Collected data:
* * *

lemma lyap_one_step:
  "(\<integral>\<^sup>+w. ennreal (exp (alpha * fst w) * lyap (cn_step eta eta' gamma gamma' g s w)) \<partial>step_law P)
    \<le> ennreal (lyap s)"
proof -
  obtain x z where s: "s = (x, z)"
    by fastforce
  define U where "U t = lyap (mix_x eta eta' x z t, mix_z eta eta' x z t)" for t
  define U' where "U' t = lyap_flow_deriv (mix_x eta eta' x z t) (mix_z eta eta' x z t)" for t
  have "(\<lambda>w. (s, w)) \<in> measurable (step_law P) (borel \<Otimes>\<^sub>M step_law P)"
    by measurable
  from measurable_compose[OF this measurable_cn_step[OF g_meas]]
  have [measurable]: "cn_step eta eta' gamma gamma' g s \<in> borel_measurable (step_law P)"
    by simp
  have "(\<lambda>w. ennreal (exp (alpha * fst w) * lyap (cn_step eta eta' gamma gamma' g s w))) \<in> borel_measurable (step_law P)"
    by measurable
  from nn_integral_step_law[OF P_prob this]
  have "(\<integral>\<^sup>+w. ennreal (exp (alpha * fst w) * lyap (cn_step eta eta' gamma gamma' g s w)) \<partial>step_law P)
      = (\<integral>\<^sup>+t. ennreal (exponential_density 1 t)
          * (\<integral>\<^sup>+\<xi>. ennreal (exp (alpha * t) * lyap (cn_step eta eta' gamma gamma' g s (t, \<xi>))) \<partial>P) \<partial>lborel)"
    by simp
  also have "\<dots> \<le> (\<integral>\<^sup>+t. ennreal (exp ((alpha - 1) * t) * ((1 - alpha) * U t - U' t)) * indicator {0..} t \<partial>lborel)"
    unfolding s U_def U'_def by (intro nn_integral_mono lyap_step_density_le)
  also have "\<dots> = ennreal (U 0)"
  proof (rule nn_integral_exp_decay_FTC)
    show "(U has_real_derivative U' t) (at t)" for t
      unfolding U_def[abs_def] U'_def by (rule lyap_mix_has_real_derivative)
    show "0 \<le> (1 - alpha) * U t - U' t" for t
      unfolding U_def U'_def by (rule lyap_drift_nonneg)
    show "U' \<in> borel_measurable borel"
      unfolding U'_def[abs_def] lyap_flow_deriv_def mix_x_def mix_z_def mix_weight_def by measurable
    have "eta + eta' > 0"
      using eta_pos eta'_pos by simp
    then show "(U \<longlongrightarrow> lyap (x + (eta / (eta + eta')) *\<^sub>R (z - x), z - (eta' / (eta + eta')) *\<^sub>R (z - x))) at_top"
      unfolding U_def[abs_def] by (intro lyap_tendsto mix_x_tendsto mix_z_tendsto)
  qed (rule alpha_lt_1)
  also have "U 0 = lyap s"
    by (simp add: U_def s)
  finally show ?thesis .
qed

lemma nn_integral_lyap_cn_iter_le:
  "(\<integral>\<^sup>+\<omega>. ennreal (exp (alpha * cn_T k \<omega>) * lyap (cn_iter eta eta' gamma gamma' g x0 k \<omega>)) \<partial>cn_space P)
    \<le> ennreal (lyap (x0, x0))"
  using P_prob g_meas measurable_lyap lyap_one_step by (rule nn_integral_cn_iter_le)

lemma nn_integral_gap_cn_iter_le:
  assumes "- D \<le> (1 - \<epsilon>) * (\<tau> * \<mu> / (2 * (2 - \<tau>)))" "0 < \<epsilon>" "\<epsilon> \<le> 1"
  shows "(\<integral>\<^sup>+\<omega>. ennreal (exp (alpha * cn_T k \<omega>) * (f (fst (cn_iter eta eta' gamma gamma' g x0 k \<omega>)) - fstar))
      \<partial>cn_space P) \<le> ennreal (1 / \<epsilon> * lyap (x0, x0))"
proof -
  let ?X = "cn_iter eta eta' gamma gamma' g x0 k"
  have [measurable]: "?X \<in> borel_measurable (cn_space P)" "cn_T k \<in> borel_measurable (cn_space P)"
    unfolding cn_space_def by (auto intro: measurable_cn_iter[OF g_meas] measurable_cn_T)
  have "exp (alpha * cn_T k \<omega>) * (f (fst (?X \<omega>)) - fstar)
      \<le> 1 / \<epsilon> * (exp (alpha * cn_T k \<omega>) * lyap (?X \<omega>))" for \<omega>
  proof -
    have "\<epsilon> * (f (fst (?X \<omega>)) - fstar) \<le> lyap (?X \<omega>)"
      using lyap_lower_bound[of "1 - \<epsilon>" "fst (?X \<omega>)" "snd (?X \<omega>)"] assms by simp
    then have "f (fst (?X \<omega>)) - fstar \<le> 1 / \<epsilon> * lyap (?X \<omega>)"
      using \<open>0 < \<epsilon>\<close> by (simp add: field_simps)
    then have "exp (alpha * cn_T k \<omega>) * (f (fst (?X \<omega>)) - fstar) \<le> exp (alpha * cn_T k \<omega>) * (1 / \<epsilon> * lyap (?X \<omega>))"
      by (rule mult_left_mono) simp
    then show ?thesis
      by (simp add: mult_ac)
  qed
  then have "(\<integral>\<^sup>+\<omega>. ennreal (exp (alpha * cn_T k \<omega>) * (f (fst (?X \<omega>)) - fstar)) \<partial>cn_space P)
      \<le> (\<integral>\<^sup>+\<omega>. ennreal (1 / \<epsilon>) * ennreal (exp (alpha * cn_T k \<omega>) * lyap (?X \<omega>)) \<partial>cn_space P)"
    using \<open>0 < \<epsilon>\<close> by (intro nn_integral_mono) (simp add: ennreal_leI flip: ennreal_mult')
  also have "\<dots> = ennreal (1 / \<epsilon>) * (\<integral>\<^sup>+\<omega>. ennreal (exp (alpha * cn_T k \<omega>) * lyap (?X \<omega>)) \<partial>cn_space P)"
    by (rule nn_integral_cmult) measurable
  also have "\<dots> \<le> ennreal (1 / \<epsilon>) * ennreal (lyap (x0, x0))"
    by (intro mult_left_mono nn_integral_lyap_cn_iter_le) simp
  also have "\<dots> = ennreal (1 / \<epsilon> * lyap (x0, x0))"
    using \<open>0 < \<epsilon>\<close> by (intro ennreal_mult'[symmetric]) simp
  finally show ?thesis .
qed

* * *

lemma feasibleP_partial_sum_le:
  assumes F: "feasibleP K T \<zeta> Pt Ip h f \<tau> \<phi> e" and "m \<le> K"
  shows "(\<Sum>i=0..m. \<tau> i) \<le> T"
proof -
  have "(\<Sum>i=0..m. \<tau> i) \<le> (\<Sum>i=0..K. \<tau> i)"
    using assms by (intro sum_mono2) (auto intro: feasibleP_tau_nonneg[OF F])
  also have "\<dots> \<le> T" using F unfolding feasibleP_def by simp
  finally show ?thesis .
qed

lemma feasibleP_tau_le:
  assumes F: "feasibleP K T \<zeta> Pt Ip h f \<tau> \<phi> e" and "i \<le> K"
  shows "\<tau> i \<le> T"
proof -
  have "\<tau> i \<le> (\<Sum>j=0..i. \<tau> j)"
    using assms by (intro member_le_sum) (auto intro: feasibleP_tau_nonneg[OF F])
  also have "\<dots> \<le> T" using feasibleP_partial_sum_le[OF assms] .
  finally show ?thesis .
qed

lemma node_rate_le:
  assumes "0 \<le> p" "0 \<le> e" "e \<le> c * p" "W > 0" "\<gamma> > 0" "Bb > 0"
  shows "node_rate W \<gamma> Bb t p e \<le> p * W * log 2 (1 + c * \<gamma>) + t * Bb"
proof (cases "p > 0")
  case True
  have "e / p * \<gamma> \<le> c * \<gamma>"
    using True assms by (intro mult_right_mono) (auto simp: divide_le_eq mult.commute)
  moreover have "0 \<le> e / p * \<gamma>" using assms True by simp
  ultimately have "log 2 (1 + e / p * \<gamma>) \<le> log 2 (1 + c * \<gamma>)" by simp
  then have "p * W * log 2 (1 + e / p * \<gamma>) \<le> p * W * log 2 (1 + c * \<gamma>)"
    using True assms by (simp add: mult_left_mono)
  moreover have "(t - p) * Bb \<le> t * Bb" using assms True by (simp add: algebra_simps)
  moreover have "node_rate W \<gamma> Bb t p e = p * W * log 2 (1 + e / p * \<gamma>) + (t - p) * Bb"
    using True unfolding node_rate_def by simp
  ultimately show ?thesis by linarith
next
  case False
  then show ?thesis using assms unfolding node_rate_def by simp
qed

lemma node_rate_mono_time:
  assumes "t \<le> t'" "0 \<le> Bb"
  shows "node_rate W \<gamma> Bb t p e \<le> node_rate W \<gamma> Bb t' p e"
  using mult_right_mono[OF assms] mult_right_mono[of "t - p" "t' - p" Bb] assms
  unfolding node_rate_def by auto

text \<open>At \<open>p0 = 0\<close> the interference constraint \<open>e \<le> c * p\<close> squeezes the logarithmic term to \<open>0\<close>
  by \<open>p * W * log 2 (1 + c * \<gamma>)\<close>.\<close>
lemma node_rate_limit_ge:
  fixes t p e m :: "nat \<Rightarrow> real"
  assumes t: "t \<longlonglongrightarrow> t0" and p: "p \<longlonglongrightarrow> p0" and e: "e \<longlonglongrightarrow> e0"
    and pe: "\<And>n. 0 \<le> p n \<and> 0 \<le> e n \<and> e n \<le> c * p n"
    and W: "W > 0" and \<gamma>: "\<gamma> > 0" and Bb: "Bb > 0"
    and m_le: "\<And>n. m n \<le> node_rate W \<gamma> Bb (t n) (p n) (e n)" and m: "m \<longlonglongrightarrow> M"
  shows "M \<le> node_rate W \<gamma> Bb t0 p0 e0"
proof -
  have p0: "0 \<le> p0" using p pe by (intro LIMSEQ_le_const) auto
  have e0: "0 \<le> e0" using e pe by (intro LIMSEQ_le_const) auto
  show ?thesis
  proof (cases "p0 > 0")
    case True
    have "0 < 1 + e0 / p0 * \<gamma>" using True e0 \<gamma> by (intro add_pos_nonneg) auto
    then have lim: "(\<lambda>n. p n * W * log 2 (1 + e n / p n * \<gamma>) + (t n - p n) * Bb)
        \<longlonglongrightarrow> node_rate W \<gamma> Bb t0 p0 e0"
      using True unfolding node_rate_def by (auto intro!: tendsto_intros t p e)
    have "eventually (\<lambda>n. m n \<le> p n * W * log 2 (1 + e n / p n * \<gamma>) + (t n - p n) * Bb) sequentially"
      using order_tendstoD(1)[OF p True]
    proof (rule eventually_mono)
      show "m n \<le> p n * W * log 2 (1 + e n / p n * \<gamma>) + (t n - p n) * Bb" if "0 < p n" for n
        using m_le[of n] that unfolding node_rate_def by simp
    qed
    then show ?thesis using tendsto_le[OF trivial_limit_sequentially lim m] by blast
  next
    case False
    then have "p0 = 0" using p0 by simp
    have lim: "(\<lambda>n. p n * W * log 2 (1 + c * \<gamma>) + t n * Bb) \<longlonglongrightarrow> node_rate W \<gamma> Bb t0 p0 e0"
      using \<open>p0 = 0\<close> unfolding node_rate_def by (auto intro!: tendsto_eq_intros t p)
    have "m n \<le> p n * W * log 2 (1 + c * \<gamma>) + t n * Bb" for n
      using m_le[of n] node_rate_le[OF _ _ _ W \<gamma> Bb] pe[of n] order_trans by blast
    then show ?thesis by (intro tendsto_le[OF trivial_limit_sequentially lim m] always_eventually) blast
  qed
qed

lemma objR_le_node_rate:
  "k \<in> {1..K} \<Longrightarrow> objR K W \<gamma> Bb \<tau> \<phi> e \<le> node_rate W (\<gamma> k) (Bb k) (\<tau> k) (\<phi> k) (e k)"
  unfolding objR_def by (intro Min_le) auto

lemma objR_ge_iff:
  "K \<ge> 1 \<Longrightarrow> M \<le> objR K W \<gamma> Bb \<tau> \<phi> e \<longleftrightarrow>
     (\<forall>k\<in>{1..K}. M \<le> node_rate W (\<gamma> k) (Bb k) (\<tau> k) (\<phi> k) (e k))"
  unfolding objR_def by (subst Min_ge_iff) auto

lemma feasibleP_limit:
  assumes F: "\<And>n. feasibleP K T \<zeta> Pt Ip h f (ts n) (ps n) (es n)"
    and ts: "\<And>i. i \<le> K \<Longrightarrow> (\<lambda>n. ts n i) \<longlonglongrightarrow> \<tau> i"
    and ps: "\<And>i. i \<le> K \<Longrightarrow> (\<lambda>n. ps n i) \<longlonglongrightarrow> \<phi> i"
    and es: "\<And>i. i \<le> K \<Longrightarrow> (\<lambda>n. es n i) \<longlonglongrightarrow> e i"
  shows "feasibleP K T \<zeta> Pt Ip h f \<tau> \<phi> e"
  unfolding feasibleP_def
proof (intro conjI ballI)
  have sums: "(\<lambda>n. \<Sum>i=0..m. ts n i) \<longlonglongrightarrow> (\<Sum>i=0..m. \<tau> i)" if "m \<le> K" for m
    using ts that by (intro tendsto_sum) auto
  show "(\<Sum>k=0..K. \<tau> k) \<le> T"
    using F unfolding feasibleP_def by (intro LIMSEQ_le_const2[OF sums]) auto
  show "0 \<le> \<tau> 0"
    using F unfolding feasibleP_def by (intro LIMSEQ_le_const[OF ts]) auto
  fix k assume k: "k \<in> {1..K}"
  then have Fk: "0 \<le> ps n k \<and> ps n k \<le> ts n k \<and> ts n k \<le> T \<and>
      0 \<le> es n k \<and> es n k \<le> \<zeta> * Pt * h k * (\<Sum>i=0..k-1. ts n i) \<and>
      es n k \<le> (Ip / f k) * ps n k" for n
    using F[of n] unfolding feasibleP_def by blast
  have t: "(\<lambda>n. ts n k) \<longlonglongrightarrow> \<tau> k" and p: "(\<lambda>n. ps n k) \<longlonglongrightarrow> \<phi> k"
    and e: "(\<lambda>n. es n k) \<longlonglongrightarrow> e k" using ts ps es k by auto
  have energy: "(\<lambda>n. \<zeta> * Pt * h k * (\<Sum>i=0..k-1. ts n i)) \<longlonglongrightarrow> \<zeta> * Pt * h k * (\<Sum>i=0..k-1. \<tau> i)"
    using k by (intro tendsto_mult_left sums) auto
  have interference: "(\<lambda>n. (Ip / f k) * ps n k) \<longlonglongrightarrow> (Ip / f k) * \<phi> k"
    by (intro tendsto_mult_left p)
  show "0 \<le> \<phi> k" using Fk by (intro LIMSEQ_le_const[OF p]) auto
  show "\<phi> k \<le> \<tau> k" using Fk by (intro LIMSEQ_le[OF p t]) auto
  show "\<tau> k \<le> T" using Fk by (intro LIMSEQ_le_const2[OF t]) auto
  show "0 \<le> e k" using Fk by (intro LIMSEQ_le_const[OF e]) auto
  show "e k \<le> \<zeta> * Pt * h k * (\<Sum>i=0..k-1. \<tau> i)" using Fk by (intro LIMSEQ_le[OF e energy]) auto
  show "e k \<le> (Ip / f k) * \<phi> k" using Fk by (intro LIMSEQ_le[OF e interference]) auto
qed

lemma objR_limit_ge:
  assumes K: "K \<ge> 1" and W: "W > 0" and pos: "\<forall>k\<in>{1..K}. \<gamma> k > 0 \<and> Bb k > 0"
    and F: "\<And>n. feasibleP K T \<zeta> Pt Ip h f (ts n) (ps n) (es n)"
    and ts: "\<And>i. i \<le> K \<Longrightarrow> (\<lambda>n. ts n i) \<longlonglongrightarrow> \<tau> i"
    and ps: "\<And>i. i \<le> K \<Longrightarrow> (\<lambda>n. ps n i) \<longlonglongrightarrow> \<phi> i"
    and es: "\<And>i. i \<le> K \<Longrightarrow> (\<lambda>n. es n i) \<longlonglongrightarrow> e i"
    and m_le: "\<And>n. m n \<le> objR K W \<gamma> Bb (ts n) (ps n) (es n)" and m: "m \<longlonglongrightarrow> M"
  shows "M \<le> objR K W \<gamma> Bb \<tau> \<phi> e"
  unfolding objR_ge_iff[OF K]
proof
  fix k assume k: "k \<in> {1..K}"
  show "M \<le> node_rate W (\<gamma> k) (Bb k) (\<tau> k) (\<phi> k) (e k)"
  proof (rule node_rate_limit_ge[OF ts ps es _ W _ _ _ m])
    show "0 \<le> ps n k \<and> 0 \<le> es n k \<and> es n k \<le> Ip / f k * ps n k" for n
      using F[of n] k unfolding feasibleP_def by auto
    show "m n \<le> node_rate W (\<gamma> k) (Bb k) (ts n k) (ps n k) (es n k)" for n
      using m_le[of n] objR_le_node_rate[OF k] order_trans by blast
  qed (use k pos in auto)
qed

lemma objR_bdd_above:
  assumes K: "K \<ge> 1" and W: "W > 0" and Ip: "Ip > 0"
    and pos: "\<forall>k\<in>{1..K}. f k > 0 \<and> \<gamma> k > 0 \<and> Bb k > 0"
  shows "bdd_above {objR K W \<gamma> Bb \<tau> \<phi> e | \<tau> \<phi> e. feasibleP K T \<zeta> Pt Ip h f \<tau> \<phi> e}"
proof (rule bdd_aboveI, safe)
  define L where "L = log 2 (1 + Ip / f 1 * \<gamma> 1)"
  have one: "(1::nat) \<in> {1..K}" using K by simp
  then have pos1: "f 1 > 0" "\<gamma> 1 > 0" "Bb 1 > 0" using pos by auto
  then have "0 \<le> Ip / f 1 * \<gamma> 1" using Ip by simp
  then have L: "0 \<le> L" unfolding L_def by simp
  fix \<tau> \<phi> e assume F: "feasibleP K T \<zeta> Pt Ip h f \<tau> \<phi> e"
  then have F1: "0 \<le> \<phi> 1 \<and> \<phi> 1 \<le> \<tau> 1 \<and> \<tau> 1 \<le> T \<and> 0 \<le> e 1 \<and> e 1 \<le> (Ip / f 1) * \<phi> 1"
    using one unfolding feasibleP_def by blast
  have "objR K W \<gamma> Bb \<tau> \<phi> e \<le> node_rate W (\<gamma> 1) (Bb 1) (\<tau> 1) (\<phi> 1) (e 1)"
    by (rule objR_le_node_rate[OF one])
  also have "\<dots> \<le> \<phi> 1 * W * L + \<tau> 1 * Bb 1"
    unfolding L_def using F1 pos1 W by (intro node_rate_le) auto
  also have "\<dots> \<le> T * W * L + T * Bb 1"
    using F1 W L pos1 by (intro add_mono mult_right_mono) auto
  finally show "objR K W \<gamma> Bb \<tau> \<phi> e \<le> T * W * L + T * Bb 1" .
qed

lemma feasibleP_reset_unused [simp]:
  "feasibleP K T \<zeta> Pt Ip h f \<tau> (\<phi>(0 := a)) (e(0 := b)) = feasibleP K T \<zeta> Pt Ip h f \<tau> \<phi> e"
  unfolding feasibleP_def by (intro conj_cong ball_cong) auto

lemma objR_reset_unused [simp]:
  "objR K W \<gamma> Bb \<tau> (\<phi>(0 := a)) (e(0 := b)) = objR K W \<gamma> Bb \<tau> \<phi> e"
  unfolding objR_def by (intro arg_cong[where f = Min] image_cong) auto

* * *

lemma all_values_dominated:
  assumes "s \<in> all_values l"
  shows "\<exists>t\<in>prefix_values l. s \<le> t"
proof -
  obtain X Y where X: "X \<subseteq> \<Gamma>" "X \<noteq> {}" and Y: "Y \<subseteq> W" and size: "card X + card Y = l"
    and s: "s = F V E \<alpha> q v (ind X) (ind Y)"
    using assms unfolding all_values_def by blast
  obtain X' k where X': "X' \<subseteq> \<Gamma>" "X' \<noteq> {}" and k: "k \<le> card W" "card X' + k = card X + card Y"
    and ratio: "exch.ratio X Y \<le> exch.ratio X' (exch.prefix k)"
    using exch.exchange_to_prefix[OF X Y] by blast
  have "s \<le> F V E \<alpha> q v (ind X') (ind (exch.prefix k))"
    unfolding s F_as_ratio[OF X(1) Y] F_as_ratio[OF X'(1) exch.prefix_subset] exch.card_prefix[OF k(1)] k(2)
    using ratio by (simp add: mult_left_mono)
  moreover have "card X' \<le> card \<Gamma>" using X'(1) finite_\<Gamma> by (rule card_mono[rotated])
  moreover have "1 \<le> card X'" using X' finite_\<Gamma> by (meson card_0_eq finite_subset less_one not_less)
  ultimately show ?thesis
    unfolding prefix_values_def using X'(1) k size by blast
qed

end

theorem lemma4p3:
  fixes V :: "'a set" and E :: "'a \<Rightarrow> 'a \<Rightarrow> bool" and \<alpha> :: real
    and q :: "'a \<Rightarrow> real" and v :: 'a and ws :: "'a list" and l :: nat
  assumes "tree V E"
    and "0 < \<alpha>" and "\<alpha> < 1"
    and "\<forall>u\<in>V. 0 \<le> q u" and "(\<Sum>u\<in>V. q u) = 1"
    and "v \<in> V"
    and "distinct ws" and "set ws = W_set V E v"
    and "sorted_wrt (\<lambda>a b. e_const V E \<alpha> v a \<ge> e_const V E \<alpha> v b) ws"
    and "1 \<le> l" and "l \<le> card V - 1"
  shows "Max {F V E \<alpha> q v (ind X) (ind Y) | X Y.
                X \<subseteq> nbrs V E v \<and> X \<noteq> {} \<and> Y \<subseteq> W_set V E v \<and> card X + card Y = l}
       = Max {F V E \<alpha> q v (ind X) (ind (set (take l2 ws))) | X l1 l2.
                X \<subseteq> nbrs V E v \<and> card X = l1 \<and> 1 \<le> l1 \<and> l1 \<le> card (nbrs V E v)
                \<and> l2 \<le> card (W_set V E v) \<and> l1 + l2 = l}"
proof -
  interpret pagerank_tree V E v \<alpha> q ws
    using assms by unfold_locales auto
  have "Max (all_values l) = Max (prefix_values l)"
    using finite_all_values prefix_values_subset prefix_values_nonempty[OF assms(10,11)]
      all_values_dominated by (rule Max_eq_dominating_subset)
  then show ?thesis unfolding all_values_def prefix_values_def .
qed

* * *

* [WORK TASK]
Look above for the line holding "k) \<longlonglongrightarrow> (Ip" and the line holding "LIMSEQ_le[OF p t]) auto". Retype both, and every line between them, word for word and nothing else.

* [TASK RESULT]
  have interference: "(\<lambda>n. (Ip / f k) * ps n k) \<longlonglongrightarrow> (Ip / f k) * \<phi> k"
    by (intro tendsto_mult_left p)
  show "0 \<le> \<phi> k" using Fk by (intro LIMSEQ_le_const[OF p]) auto
  show "\<phi> k \<le> \<tau> k" using Fk by (intro LIMSEQ_le[OF p t]) auto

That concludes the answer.